BRIEF -> Check each line below for the word "finally", and copy those that have it.

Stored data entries

* * *

(* Let $l\subset[0,1]$ be a compact set that is super sparse near every $a\in l$. Then the modified Assouad dimension of $l$ is $0$. The converse fails in general (e.g. $\{0\}\cup\{2^{-k}:k\ge1\}$ has modified Assouad dimension $0$ but is not sparse near $0$).
   Context: For a compact set $l\subset\mathbb{R}$ let $W(l)=\{k\in\mathbb{N}: l\cap([2^{-k-1},2^{-k}]\cup[-2^{-k},-2^{-k-1}])\neq\emptyset\}$, and for $a\in l$ let $W(l,a)=W(l-a)$; $l$ is super sparse near $a$ if $W(l,a)$ has upper Banach density $\limsup_{N\to\infty}\sup_{k\in\mathbb{N}}\#(W(l,a)\cap[k+1,k+N])/N=0$, and sparse near $a$ if its upper natural density is $0$. The Assouad dimension $\dim_{\mathrm A}F$ is the infimum of $s\ge0$ such that there is $C>0$ with $N(B(x,R)\cap F,r)\le C(R/r)^s$ for all $0<r<R$ and $x\in F$ ($N(E,r)$ = minimal number of $r$-intervals covering $E$). The modified Assouad dimension is $\inf\{\sup_i\dim_{\mathrm A}F_i: F\subset\bigcup_{i\in\mathbb{N}}F_i\}$. *)

theory Defs
  imports "HOL-Analysis.Analysis" "HOL-Library.Liminf_Limsup"
begin

definition W :: "real set \<Rightarrow> nat set" where
  "W l = {k. l \<inter> ({(1/2)^(k+1) .. (1/2)^k} \<union> {-((1/2)^k) .. -((1/2)^(k+1))}) \<noteq> {}}"

definition W_at :: "real set \<Rightarrow> real \<Rightarrow> nat set" where
  "W_at l a = W ((\<lambda>x. x - a) ` l)"

text \<open>Upper Banach density is zero.\<close>
definition super_sparse_near :: "real set \<Rightarrow> real \<Rightarrow> bool" where
  "super_sparse_near l a \<longleftrightarrow>
     limsup (\<lambda>N::nat. SUP k::nat. ereal (real (card (W_at l a \<inter> {k+1..k+N})) / real N)) = 0"

text \<open>Upper natural density is zero.\<close>
definition sparse_near :: "real set \<Rightarrow> real \<Rightarrow> bool" where
  "sparse_near l a \<longleftrightarrow>
     limsup (\<lambda>N::nat. ereal (real (card (W_at l a \<inter> {1..N})) / real N)) = 0"

definition cover_num :: "real set \<Rightarrow> real \<Rightarrow> nat" where
  "cover_num E r = (LEAST n. \<exists>C. finite C \<and> card C = n \<and> E \<subseteq> (\<Union>c\<in>C. {c..c+r}))"

definition assouad_dim :: "real set \<Rightarrow> ereal" where
  "assouad_dim F = Inf {ereal s | s. s \<ge> 0 \<and> (\<exists>C>0. \<forall>x r R. x \<in> F \<longrightarrow> 0 < r \<longrightarrow> r < R \<longrightarrow>
        real (cover_num (ball x R \<inter> F) r) \<le> C * (R / r) powr s)}"

definition modified_assouad_dim :: "real set \<Rightarrow> ereal" where
  "modified_assouad_dim F = Inf {(SUP i. assouad_dim (Fs i)) | Fs :: nat \<Rightarrow> real set. F \<subseteq> (\<Union>i. Fs i)}"

end

theory Submission
  imports Defs
begin

text \<open>
  Fix \<open>\<delta> > 0\<close>. Super sparseness near \<open>a\<close> gives an \<open>N\<^sub>0\<close> such that every window of
  \<open>N \<ge> N\<^sub>0\<close> consecutive dyadic scales contains at most \<open>\<delta>N\<close> scales at which \<open>l\<close> meets the
  annulus around \<open>a\<close>; the points with a given \<open>N\<^sub>0\<close> form sets covering \<open>l\<close>. Seen from a
  point of an \<open>r\<close>-separated subset of such a set inside a ball of radius \<open>R\<close>, the other
  points occupy only scales between \<open>R\<close> and \<open>r\<close>, hence at most \<open>\<delta> log\<^sub>2(R/r) + O(N\<^sub>0)\<close>
  of them. A finite set of diameter at most 1 in which every point sees at most \<open>b\<close> scales
  has at most \<open>5\<^sup>b\<close> points: cut it into five pieces of a fifth of its diameter; inside a piece
  every point loses the scale of a far endpoint. So the separated set has
  \<open>O((R/r)\<^bsup>\<delta> log\<^sub>2 5\<^esup>)\<close> points, each piece has Assouad dimension at most \<open>\<delta> log\<^sub>2 5\<close>, and
  \<open>\<delta> \<rightarrow> 0\<close>. The example is countable, hence of modified Assouad dimension 0, yet it
  meets every annulus around 0.
\<close>

lemma mem_W_at_iff:
  "k \<in> W_at S w \<longleftrightarrow> (\<exists>u\<in>S. (1/2)^(k+1) \<le> \<bar>u - w\<bar> \<and> \<bar>u - w\<bar> \<le> (1/2::real)^k)"
proof -
  have "t \<in> {(1/2)^(k+1) .. (1/2)^k} \<union> {-((1/2)^k) .. -((1/2)^(k+1))}
          \<longleftrightarrow> (1/2)^(k+1) \<le> \<bar>t\<bar> \<and> \<bar>t\<bar> \<le> (1/2::real)^k" for t
    by (cases "t \<ge> 0") auto
  then show ?thesis unfolding W_at_def W_def by blast
qed

lemma W_at_mono: "S \<subseteq> T \<Longrightarrow> W_at S w \<subseteq> W_at T w"
  unfolding subset_iff mem_W_at_iff by blast

lemma finite_dyadic_scales_above:
  assumes "d > 0" shows "finite {k::nat. d \<le> (1/2::real)^k}"
proof -
  obtain K where K: "(1/2::real)^K < d" using real_arch_pow_inv[OF assms, of "1/2"] by auto
  have "(1/2::real)^k < d" if "K \<le> k" for k
  proof -
    have "(1/2::real)^k \<le> (1/2)^K" by (rule power_decreasing[OF that]) auto
    with K show ?thesis by linarith
  qed
  then have "{k. d \<le> (1/2::real)^k} \<subseteq> {..<K}" by (metis lessThan_iff mem_Collect_eq not_le subsetI)
  then show ?thesis using finite_subset by blast
qed

lemma finite_W_at:
  assumes "finite S" shows "finite (W_at S w)"
proof -
  have "W_at S w \<subseteq> (\<Union>u\<in>S - {w}. {k. \<bar>u - w\<bar> \<le> (1/2::real)^k})"
  proof
    fix k assume "k \<in> W_at S w"
    then obtain u where "u \<in> S" "(1/2)^(k+1) \<le> \<bar>u - w\<bar>" "\<bar>u - w\<bar> \<le> (1/2::real)^k"
      by (auto simp: mem_W_at_iff)
    moreover have "0 < (1/2::real)^(k+1)" by simp
    ultimately have "u \<in> S - {w}" by (metis DiffI abs_zero diff_self not_le singletonD)
    with \<open>\<bar>u - w\<bar> \<le> _\<close> show "k \<in> (\<Union>u\<in>S - {w}. {k. \<bar>u - w\<bar> \<le> (1/2::real)^k})" by blast
  qed
  moreover have "finite (\<Union>u\<in>S - {w}. {k. \<bar>u - w\<bar> \<le> (1/2::real)^k})"
    using assms by (intro finite_UN_I) (auto intro: finite_dyadic_scales_above)
  ultimately show ?thesis using finite_subset by blast
qed

lemma dyadic_scale_exists:
  assumes "0 < d" "d \<le> (1::real)"
  obtains k :: nat where "(1/2)^(k+1) \<le> d" "d \<le> (1/2)^k"
proof -
  obtain K where K: "(1/2::real)^K < d" using real_arch_pow_inv[OF assms(1), of "1/2"] by auto
  have "(1/2::real)^Suc K \<le> (1/2)^K" by (rule power_decreasing) auto
  with K have ex: "\<exists>k. (1/2::real)^Suc k \<le> d" by (intro exI[of _ K]) linarith
  define k where "k = (LEAST k. (1/2::real)^Suc k \<le> d)"
  have "(1/2::real)^Suc k \<le> d" unfolding k_def by (rule LeastI_ex[OF ex])
  moreover have "d \<le> (1/2)^k"
  proof (cases k)
    case (Suc j)
    then have "\<not> (1/2::real)^Suc j \<le> d" using Least_le[of _ j] unfolding k_def by fastforce
    then show ?thesis using Suc by simp
  qed (use assms in simp)
  ultimately show ?thesis using that by simp
qed

lemma W_at_psubset:
  assumes "u \<in> S" "\<bar>u - w\<bar> \<le> 1" "T \<subseteq> S" "w \<in> T"
    and near: "\<And>v. v \<in> T \<Longrightarrow> \<bar>v - w\<bar> < \<bar>u - w\<bar> / 2"
  shows "W_at T w \<subset> W_at S w"
proof -
  have "0 < \<bar>u - w\<bar>" using near[OF \<open>w \<in> T\<close>] by simp
  then obtain k where k: "(1/2)^(k+1) \<le> \<bar>u - w\<bar>" "\<bar>u - w\<bar> \<le> (1/2::real)^k"
    using dyadic_scale_exists assms(2) by blast
  have "k \<in> W_at S w" using k assms(1) by (auto simp: mem_W_at_iff)
  moreover have "k \<notin> W_at T w"
    using k near by (force simp: mem_W_at_iff)
  ultimately show ?thesis using W_at_mono[OF assms(3)] by blast
qed

lemma five_pieces_losing_a_scale:
  assumes "finite S" "card S \<ge> 2" "\<forall>u\<in>S. \<forall>w\<in>S. \<bar>u - w\<bar> \<le> 1"
  obtains Q :: "nat \<Rightarrow> real set"
  where "S \<subseteq> (\<Union>i<5. Q i)" "\<And>i. Q i \<subseteq> S" "\<And>i w. w \<in> Q i \<Longrightarrow> W_at (Q i) w \<subset> W_at S w"
proof -
  define a where "a = Min S"
  define D where "D = Max S - a"
  have "S \<noteq> {}" using assms(2) by auto
  then have aS: "a \<in> S" and cS: "a + D \<in> S" and bnd: "\<And>x. x \<in> S \<Longrightarrow> a \<le> x \<and> x \<le> a + D"
    using assms(1) by (simp_all add: a_def D_def)
  have "D > 0"
  proof (rule ccontr)
    assume "\<not> D > 0"
    then have "S \<subseteq> {a}" using bnd by force
    then show False using assms card_mono[of "{a}" S] by simp
  qed
  define Q where "Q i = S \<inter> {a + real i * D / 5 .. a + real i * D / 5 + D / 5}" for i :: nat
  have "S \<subseteq> (\<Union>i<5. Q i)"
  proof
    fix x assume x: "x \<in> S"
    then have "x \<in> Q 0 \<or> x \<in> Q 1 \<or> x \<in> Q 2 \<or> x \<in> Q 3 \<or> x \<in> Q 4"
      using bnd[OF x] by (simp add: Q_def) linarith
    then show "x \<in> (\<Union>i<5. Q i)" by (auto simp: lessThan_nat_numeral)
  qed
  moreover have "W_at (Q i) w \<subset> W_at S w" if w: "w \<in> Q i" for i w
  proof -
    have "w \<in> S" using w by (simp add: Q_def)
    have "\<exists>e\<in>S. D / 2 \<le> \<bar>e - w\<bar>"
    proof (cases "w - a \<ge> D / 2")
      case True
      then show ?thesis using aS by (intro bexI[of _ a]) (auto simp: abs_if)
    next
      case False
      then show ?thesis using cS bnd[OF \<open>w \<in> S\<close>] by (intro bexI[of _ "a + D"]) auto
    qed
    then obtain e where e: "e \<in> S" "D / 2 \<le> \<bar>e - w\<bar>" by blast
    have near: "\<bar>v - w\<bar> < \<bar>e - w\<bar> / 2" if "v \<in> Q i" for v
    proof -
      have "\<bar>v - w\<bar> \<le> D / 5" using that w unfolding Q_def abs_le_iff by auto
      moreover have "D / 5 < D / 4" using \<open>D > 0\<close> by simp
      ultimately show ?thesis using e(2) by argo
    qed
    have "\<bar>e - w\<bar> \<le> 1" using assms(3) e(1) \<open>w \<in> S\<close> by blast
    moreover have "Q i \<subseteq> S" by (simp add: Q_def)
    ultimately show ?thesis using W_at_psubset[OF e(1)] w near by blast
  qed
  ultimately show ?thesis using that[of Q] by (auto simp: Q_def)
qed

lemma card_le_five_pow_if_card_W_at_le:
  assumes "finite S" "\<forall>u\<in>S. \<forall>w\<in>S. \<bar>u - w\<bar> \<le> 1" "\<forall>w\<in>S. card (W_at S w) \<le> b"
  shows "card S \<le> 5^b"
  using assms
proof (induction b arbitrary: S)
  case 0
  show ?case
  proof (rule ccontr)
    assume "\<not> card S \<le> 5^0"
    then obtain u w where uw: "u \<in> S" "w \<in> S" "u \<noteq> w"
      using card_le_Suc0_iff_eq[OF "0.prems"(1)] by auto
    have "W_at {w} w \<subset> W_at S w"
      using uw "0.prems"(2) by (intro W_at_psubset[of u]) auto
    then have "card (W_at S w) > 0" using finite_W_at[OF "0.prems"(1)] card_gt_0_iff by blast
    with "0.prems"(3) uw show False by auto
  qed
next
  case (Suc b)
  show ?case
  proof (cases "card S \<ge> 2")
    case True
    obtain Q :: "nat \<Rightarrow> real set" where cover: "S \<subseteq> (\<Union>i<5. Q i)" and sub: "\<And>i. Q i \<subseteq> S"
      and lose: "\<And>i w. w \<in> Q i \<Longrightarrow> W_at (Q i) w \<subset> W_at S w"
      using five_pieces_losing_a_scale[OF Suc.prems(1) True Suc.prems(2)] by blast
    have finQ: "finite (Q i)" for i using Suc.prems(1) sub by (rule finite_subset[rotated])
    have "card (Q i) \<le> 5^b" for i
    proof (rule Suc.IH[OF finQ])
      show "\<forall>u\<in>Q i. \<forall>w\<in>Q i. \<bar>u - w\<bar> \<le> 1" using Suc.prems(2) sub by blast
      show "\<forall>w\<in>Q i. card (W_at (Q i) w) \<le> b"
      proof
        fix w assume w: "w \<in> Q i"
        then have "card (W_at (Q i) w) < card (W_at S w)"
          by (rule psubset_card_mono[OF finite_W_at[OF Suc.prems(1)] lose])
        moreover have "w \<in> S" using sub w by blast
        then have "card (W_at S w) \<le> Suc b" using Suc.prems(3) by blast
        ultimately show "card (W_at (Q i) w) \<le> b" by linarith
      qed
    qed
    have "card S \<le> card (\<Union>i<5. Q i)"
      using finQ by (intro card_mono[OF _ cover]) simp
    also have "\<dots> \<le> (\<Sum>i<5. card (Q i))" by (rule card_UN_le) simp
    also have "\<dots> \<le> 5^Suc b"
      using sum_mono[of "{..<5}" "\<lambda>i. card (Q i)" "\<lambda>_. 5^b"] \<open>\<And>i. card (Q i) \<le> 5^b\<close> by simp
    finally show ?thesis .
  next
    case False
    then show ?thesis using one_le_power[of "5::nat" "Suc b"] by linarith
  qed
qed

definition window_sparse :: "real \<Rightarrow> nat \<Rightarrow> nat set \<Rightarrow> bool" where
  "window_sparse \<delta> N0 K \<longleftrightarrow> (\<forall>k M. N0 \<le> M \<longrightarrow> real (card (K \<inter> {k+1..k+M})) \<le> \<delta> * real M)"

lemma card_window_le:
  assumes "window_sparse \<delta> N0 K" "0 \<le> \<delta>"
  shows "real (card (K \<inter> {k..k+L})) \<le> 1 + \<delta> * real L + real N0"
proof -
  have "card (K \<inter> {k..k+L}) \<le> card (insert k (K \<inter> {k+1..k+L}))"
    by (intro card_mono) auto
  also have "\<dots> \<le> Suc (card (K \<inter> {k+1..k+L}))" by (rule card_insert_le_m1) auto
  finally have "real (card (K \<inter> {k..k+L})) \<le> 1 + real (card (K \<inter> {k+1..k+L}))" by simp
  moreover have "real (card (K \<inter> {k+1..k+L})) \<le> \<delta> * real L + real N0"
  proof (cases "N0 \<le> L")
    case True
    then have "real (card (K \<inter> {k+1..k+L})) \<le> \<delta> * real L"
      using assms(1) unfolding window_sparse_def by blast
    then show ?thesis by simp
  next
    case False
    have "card (K \<inter> {k+1..k+L}) \<le> card {k+1..k+L}" by (intro card_mono) auto
    then have "card (K \<inter> {k+1..k+L}) \<le> L" by simp
    moreover have "0 \<le> \<delta> * real L" using assms(2) by simp
    ultimately show ?thesis using False by linarith
  qed
  ultimately show ?thesis by linarith
qed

* * *

TASK OUTPUT ->
    finally show ?thesis .
  finally have "real (card (K \<inter> {k..k+L})) \<le> 1 + real (card (K \<inter> {k+1..k+L}))" by simp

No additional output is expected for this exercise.